Copy out every line of the data where the word "with" is found.

-------- RECORDED INFORMATION

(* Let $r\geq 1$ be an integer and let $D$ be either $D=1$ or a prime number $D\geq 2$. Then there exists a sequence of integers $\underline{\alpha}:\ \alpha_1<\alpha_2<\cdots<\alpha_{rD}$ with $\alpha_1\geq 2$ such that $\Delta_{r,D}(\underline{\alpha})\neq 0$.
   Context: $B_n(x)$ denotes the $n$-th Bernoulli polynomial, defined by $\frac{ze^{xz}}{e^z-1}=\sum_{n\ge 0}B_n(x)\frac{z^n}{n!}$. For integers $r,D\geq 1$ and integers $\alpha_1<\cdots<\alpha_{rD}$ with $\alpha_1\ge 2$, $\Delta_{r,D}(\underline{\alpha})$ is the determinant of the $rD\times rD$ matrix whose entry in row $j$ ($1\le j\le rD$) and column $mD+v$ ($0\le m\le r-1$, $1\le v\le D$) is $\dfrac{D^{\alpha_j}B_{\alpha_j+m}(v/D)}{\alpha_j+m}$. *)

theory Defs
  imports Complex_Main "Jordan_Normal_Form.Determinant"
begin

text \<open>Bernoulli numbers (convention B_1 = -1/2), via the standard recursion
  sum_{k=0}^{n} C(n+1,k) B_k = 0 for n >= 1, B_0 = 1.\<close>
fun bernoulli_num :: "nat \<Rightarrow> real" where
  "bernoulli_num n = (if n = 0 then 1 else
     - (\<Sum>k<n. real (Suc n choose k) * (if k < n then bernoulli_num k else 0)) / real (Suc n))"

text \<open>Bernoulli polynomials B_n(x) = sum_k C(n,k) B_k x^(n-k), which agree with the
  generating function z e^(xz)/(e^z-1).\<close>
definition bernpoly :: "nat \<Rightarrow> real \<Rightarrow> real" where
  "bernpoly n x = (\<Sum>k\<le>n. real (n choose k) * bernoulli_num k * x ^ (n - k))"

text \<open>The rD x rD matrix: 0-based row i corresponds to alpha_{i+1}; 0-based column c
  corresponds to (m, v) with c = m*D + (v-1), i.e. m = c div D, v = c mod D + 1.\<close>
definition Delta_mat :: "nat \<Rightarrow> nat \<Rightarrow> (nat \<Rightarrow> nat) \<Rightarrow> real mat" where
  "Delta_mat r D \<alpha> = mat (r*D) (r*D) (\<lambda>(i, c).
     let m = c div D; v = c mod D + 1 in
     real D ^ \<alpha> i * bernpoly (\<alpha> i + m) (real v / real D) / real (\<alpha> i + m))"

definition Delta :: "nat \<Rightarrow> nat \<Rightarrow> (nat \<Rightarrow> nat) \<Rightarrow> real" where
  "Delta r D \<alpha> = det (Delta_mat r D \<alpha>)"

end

----------------

* [ANSWER SPACE]:
(* Let $r\geq 1$ be an integer and let $D$ be either $D=1$ or a prime number $D\geq 2$. Then there exists a sequence of integers $\underline{\alpha}:\ \alpha_1<\alpha_2<\cdots<\alpha_{rD}$ with $\alpha_1\geq 2$ such that $\Delta_{r,D}(\underline{\alpha})\neq 0$.
   Context: $B_n(x)$ denotes the $n$-th Bernoulli polynomial, defined by $\frac{ze^{xz}}{e^z-1}=\sum_{n\ge 0}B_n(x)\frac{z^n}{n!}$. For integers $r,D\geq 1$ and integers $\alpha_1<\cdots<\alpha_{rD}$ with $\alpha_1\ge 2$, $\Delta_{r,D}(\underline{\alpha})$ is the determinant of the $rD\times rD$ matrix whose entry in row $j$ ($1\le j\le rD$) and column $mD+v$ ($0\le m\le r-1$, $1\le v\le D$) is $\dfrac{D^{\alpha_j}B_{\alpha_j+m}(v/D)}{\alpha_j+m}$. *)
text \<open>Bernoulli polynomials B_n(x) = sum_k C(n,k) B_k x^(n-k), which agree with the
  corresponds to (m, v) with c = m*D + (v-1), i.e. m = c div D, v = c mod D + 1.\<close>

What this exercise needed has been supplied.